- **MATERIAL SUPPLIED**:
☆ ☆ ☆ ☆
(* Let $G$ be a torsionless abelian group that binds some subgroup of infinite rank. Then there is a surjective homomorphism from $G$ onto a subgroup $G'$ of $\mathbb{Z}^{\omega}$ such that the subgroup $G'+\mathbb{Z}^{(\omega)}$ of $\mathbb{Z}^\omega$ binds $\mathbb{Z}^{(\omega)}$.
   Context: All groups are abelian. $\mathbb{Z}^{\omega}$ is the product of countably many copies of $\mathbb{Z}$, and $\mathbb{Z}^{(\omega)}\subseteq\mathbb{Z}^\omega$ is the subgroup of sequences with only finitely many nonzero entries. A group is torsionless if it embeds in $\mathbb{Z}^I$ for some set $I$. Rank means torsion-free rank. A group $G$ binds a subgroup $H$ if every homomorphism from $G$ to a free abelian group maps $H$ into a group of finite rank. *)

theory Defs
  imports "HOL-Algebra.Algebra"
begin

text \<open>Abelian groups are HOL-Algebra commutative groups (written multiplicatively).\<close>

definition Zprod :: "'x set \<Rightarrow> ('x \<Rightarrow> int) monoid" where
  "Zprod I = \<lparr> carrier = {f. \<forall>i. i \<notin> I \<longrightarrow> f i = 0},
              monoid.mult = (\<lambda>f g i. f i + g i), monoid.one = (\<lambda>i. 0) \<rparr>"

definition Zfree :: "'x set \<Rightarrow> ('x \<Rightarrow> int) monoid" where
  "Zfree J = \<lparr> carrier = {f. finite {i. f i \<noteq> 0} \<and> (\<forall>i. i \<notin> J \<longrightarrow> f i = 0)},
              monoid.mult = (\<lambda>f g i. f i + g i), monoid.one = (\<lambda>i. 0) \<rparr>"
context
  fixes f :: "'p::comm_ring_1 \<Rightarrow> 'r::comm_ring_1"
  assumes hom: "ring_hom f"
begin

lemma ring_hom_cdiff: "(\<lambda>s. f (cdiff b d i x s)) = cdiff b (\<lambda>i s t. f (d i s t)) i (\<lambda>s. f (x s))"
  using hom by (auto simp: cdiff_def fun_eq_iff ring_hom_zero ring_hom_sum ring_hom_def)

lemma ring_hom_cmult:
  "(\<lambda>u. f (cmult b c i j x y u)) = cmult b (\<lambda>i j s t u. f (c i j s t u)) i j (\<lambda>s. f (x s)) (\<lambda>s. f (y s))"
  using hom by (auto simp: cmult_def fun_eq_iff ring_hom_zero ring_hom_sum ring_hom_def)

lemma ring_hom_vadd: "(\<lambda>s. f (vadd x y s)) = vadd (\<lambda>s. f (x s)) (\<lambda>s. f (y s))"
  using hom by (simp add: vadd_def ring_hom_def)

lemma ring_hom_smult: "(\<lambda>s. f (smult r x s)) = smult (f r) (\<lambda>s. f (x s))"
  using hom by (simp add: smult_def ring_hom_def)

lemma ring_hom_vzero: "(\<lambda>s. f (vzero s)) = vzero"
  using hom by (simp add: vzero_def ring_hom_zero)

end

lemma vzero_boundary: "vzero \<in> boundaries b d i"
proof -
  have "vzero \<in> vec (b (Suc i))" by (simp add: vec_def vzero_def)
  then show ?thesis using cdiff_vzero unfolding boundaries_def by (metis image_eqI)
qed

lemma boundaries_vadd: "x \<in> boundaries b d i \<Longrightarrow> y \<in> boundaries b d i \<Longrightarrow> vadd x y \<in> boundaries b d i"
  unfolding boundaries_def by (auto simp: cdiff_vadd[symmetric] intro!: imageI vadd_vec)

lemma boundaries_smult: "x \<in> boundaries b d i \<Longrightarrow> smult r x \<in> boundaries b d i"
  unfolding boundaries_def by (auto simp: cdiff_smult[symmetric] intro!: imageI smult_vec)
lemma zlin_zlin:
  "zlin n r S (zlin n r H v) u = (\<Sum>w\<in>zwords n r. v w * zlin n r S (H w) u)"
proof -
  have "zlin n r S (zlin n r H v) u = (\<Sum>w'\<in>zwords n r. \<Sum>w\<in>zwords n r. v w * (H w w' * S w' u))"
    by (simp add: zlin_def sum_distrib_right mult.assoc)
  also have "\<dots> = (\<Sum>w\<in>zwords n r. v w * zlin n r S (H w) u)"
    by (subst sum.swap) (simp add: zlin_def sum_distrib_left)
  finally show ?thesis .
qed

lemma zlin_hperm_commute:
  assumes sp: "supported n r T" and comm: "\<And>a. Suc a < r \<Longrightarrow> commutes_hecke_at n r a T"
    and y: "y permutes {1..r}"
  shows "zlin n r T (hperm n r v y) = hperm n r (zlin n r T v) y"
proof -
  have "zlin n r T (hgen n r i v) = hgen n r i (zlin n r T v)" if i: "1 \<le> i" "i < r" for i v
  proof (rule ext)
    fix u
    obtain a where ia: "i = Suc a" using i by (cases i) auto
    show "zlin n r T (hgen n r i v) u = hgen n r i (zlin n r T v) u"
      unfolding hgen_def zlin_zlin ia
      using zlin_hgen_basis_commute[OF sp comm] i ia by simp
  qed
  moreover have "set is \<subseteq> {1..<r} \<Longrightarrow>
      zlin n r T (fold (hgen n r) is v) = fold (hgen n r) is (zlin n r T v)" for "is"
    by (induction "is" arbitrary: v) (simp_all add: calculation)
  ultimately show ?thesis unfolding hperm_def using reduced_word(1)[OF y] by blast
qed

lemma schur_propI:
  assumes sp: "supported n r T" and comm: "\<And>a. Suc a < r \<Longrightarrow> commutes_hecke_at n r a T"
    and val: "\<And>\<nu>. \<nu> \<in> Lambda n r \<Longrightarrow> T (xi \<nu>) = (if colsum n A = \<nu>
           then (\<lambda>u. \<Sum>x\<in>dcoset n r A (dA n r A). hperm n r (zbvec (xi (rowsum n A))) x u)
           else (\<lambda>_. 0))"
  shows "schur_prop n r A T"
  unfolding schur_prop_def
proof (intro conjI ballI allI impI)
  fix w u assume "w \<notin> zwords n r \<or> u \<notin> zwords n r"
  thus "T w u = 0" using sp by (auto simp: supported_def)
next
  fix \<nu> y assume L: "\<nu> \<in> Lambda n r" and y: "y permutes {1..r}"
  have "zlin n r T (hperm n r (zbvec (xi \<nu>)) y) = hperm n r (T (xi \<nu>)) y"
    using zlin_hperm_commute[OF sp comm y] zlin_zbvec[OF xi_zwords[OF L]] by simp
  thus "zlin n r T (hperm n r (zbvec (xi \<nu>)) y) =
    (if colsum n A = \<nu>
     then (\<lambda>u. \<Sum>x\<in>dcoset n r A (dA n r A). hperm n r (hperm n r (zbvec (xi (rowsum n A))) x) y u)
     else (\<lambda>_. 0))"
    using val[OF L] hperm_zero
      hperm_sum[of n r "\<lambda>x. hperm n r (zbvec (xi (rowsum n A))) x" "dcoset n r A (dA n r A)" y]
    by simp
qed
☆ ☆ ☆ ☆
- **AIM OF THE TASK**: The full listing has to be duplicated exactly.

- **ANSWER SECTION**:
(* Let $G$ be a torsionless abelian group that binds some subgroup of infinite rank. Then there is a surjective homomorphism from $G$ onto a subgroup $G'$ of $\mathbb{Z}^{\omega}$ such that the subgroup $G'+\mathbb{Z}^{(\omega)}$ of $\mathbb{Z}^\omega$ binds $\mathbb{Z}^{(\omega)}$.
   Context: All groups are abelian. $\mathbb{Z}^{\omega}$ is the product of countably many copies of $\mathbb{Z}$, and $\mathbb{Z}^{(\omega)}\subseteq\mathbb{Z}^\omega$ is the subgroup of sequences with only finitely many nonzero entries. A group is torsionless if it embeds in $\mathbb{Z}^I$ for some set $I$. Rank means torsion-free rank. A group $G$ binds a subgroup $H$ if every homomorphism from $G$ to a free abelian group maps $H$ into a group of finite rank. *)

theory Defs
  imports "HOL-Algebra.Algebra"
begin

text \<open>Abelian groups are HOL-Algebra commutative groups (written multiplicatively).\<close>

definition Zprod :: "'x set \<Rightarrow> ('x \<Rightarrow> int) monoid" where
  "Zprod I = \<lparr> carrier = {f. \<forall>i. i \<notin> I \<longrightarrow> f i = 0},
              monoid.mult = (\<lambda>f g i. f i + g i), monoid.one = (\<lambda>i. 0) \<rparr>"

definition Zfree :: "'x set \<Rightarrow> ('x \<Rightarrow> int) monoid" where
  "Zfree J = \<lparr> carrier = {f. finite {i. f i \<noteq> 0} \<and> (\<forall>i. i \<notin> J \<longrightarrow> f i = 0)},
              monoid.mult = (\<lambda>f g i. f i + g i), monoid.one = (\<lambda>i. 0) \<rparr>"
context
  fixes f :: "'p::comm_ring_1 \<Rightarrow> 'r::comm_ring_1"
  assumes hom: "ring_hom f"
begin

lemma ring_hom_cdiff: "(\<lambda>s. f (cdiff b d i x s)) = cdiff b (\<lambda>i s t. f (d i s t)) i (\<lambda>s. f (x s))"
  using hom by (auto simp: cdiff_def fun_eq_iff ring_hom_zero ring_hom_sum ring_hom_def)

lemma ring_hom_cmult:
  "(\<lambda>u. f (cmult b c i j x y u)) = cmult b (\<lambda>i j s t u. f (c i j s t u)) i j (\<lambda>s. f (x s)) (\<lambda>s. f (y s))"
  using hom by (auto simp: cmult_def fun_eq_iff ring_hom_zero ring_hom_sum ring_hom_def)

lemma ring_hom_vadd: "(\<lambda>s. f (vadd x y s)) = vadd (\<lambda>s. f (x s)) (\<lambda>s. f (y s))"
  using hom by (simp add: vadd_def ring_hom_def)

lemma ring_hom_smult: "(\<lambda>s. f (smult r x s)) = smult (f r) (\<lambda>s. f (x s))"
  using hom by (simp add: smult_def ring_hom_def)

lemma ring_hom_vzero: "(\<lambda>s. f (vzero s)) = vzero"
  using hom by (simp add: vzero_def ring_hom_zero)

end

lemma vzero_boundary: "vzero \<in> boundaries b d i"
proof -
  have "vzero \<in> vec (b (Suc i))" by (simp add: vec_def vzero_def)
  then show ?thesis using cdiff_vzero unfolding boundaries_def by (metis image_eqI)
qed

lemma boundaries_vadd: "x \<in> boundaries b d i \<Longrightarrow> y \<in> boundaries b d i \<Longrightarrow> vadd x y \<in> boundaries b d i"
  unfolding boundaries_def by (auto simp: cdiff_vadd[symmetric] intro!: imageI vadd_vec)

lemma boundaries_smult: "x \<in> boundaries b d i \<Longrightarrow> smult r x \<in> boundaries b d i"
  unfolding boundaries_def by (auto simp: cdiff_smult[symmetric] intro!: imageI smult_vec)
lemma zlin_zlin:
  "zlin n r S (zlin n r H v) u = (\<Sum>w\<in>zwords n r. v w * zlin n r S (H w) u)"
proof -
  have "zlin n r S (zlin n r H v) u = (\<Sum>w'\<in>zwords n r. \<Sum>w\<in>zwords n r. v w * (H w w' * S w' u))"
    by (simp add: zlin_def sum_distrib_right mult.assoc)
  also have "\<dots> = (\<Sum>w\<in>zwords n r. v w * zlin n r S (H w) u)"
    by (subst sum.swap) (simp add: zlin_def sum_distrib_left)
  finally show ?thesis .
qed

lemma zlin_hperm_commute:
  assumes sp: "supported n r T" and comm: "\<And>a. Suc a < r \<Longrightarrow> commutes_hecke_at n r a T"
    and y: "y permutes {1..r}"
  shows "zlin n r T (hperm n r v y) = hperm n r (zlin n r T v) y"
proof -
  have "zlin n r T (hgen n r i v) = hgen n r i (zlin n r T v)" if i: "1 \<le> i" "i < r" for i v
  proof (rule ext)
    fix u
    obtain a where ia: "i = Suc a" using i by (cases i) auto
    show "zlin n r T (hgen n r i v) u = hgen n r i (zlin n r T v) u"
      unfolding hgen_def zlin_zlin ia
      using zlin_hgen_basis_commute[OF sp comm] i ia by simp
  qed
  moreover have "set is \<subseteq> {1..<r} \<Longrightarrow>
      zlin n r T (fold (hgen n r) is v) = fold (hgen n r) is (zlin n r T v)" for "is"
    by (induction "is" arbitrary: v) (simp_all add: calculation)
  ultimately show ?thesis unfolding hperm_def using reduced_word(1)[OF y] by blast
qed

lemma schur_propI:
  assumes sp: "supported n r T" and comm: "\<And>a. Suc a < r \<Longrightarrow> commutes_hecke_at n r a T"
    and val: "\<And>\<nu>. \<nu> \<in> Lambda n r \<Longrightarrow> T (xi \<nu>) = (if colsum n A = \<nu>
           then (\<lambda>u. \<Sum>x\<in>dcoset n r A (dA n r A). hperm n r (zbvec (xi (rowsum n A))) x u)
           else (\<lambda>_. 0))"
  shows "schur_prop n r A T"
  unfolding schur_prop_def
proof (intro conjI ballI allI impI)
  fix w u assume "w \<notin> zwords n r \<or> u \<notin> zwords n r"
  thus "T w u = 0" using sp by (auto simp: supported_def)
next
  fix \<nu> y assume L: "\<nu> \<in> Lambda n r" and y: "y permutes {1..r}"
  have "zlin n r T (hperm n r (zbvec (xi \<nu>)) y) = hperm n r (T (xi \<nu>)) y"
    using zlin_hperm_commute[OF sp comm y] zlin_zbvec[OF xi_zwords[OF L]] by simp
  thus "zlin n r T (hperm n r (zbvec (xi \<nu>)) y) =
    (if colsum n A = \<nu>
     then (\<lambda>u. \<Sum>x\<in>dcoset n r A (dA n r A). hperm n r (hperm n r (zbvec (xi (rowsum n A))) x) y u)
     else (\<lambda>_. 0))"
    using val[OF L] hperm_zero
      hperm_sum[of n r "\<lambda>x. hperm n r (zbvec (xi (rowsum n A))) x" "dcoset n r A (dA n r A)" y]
    by simp
qed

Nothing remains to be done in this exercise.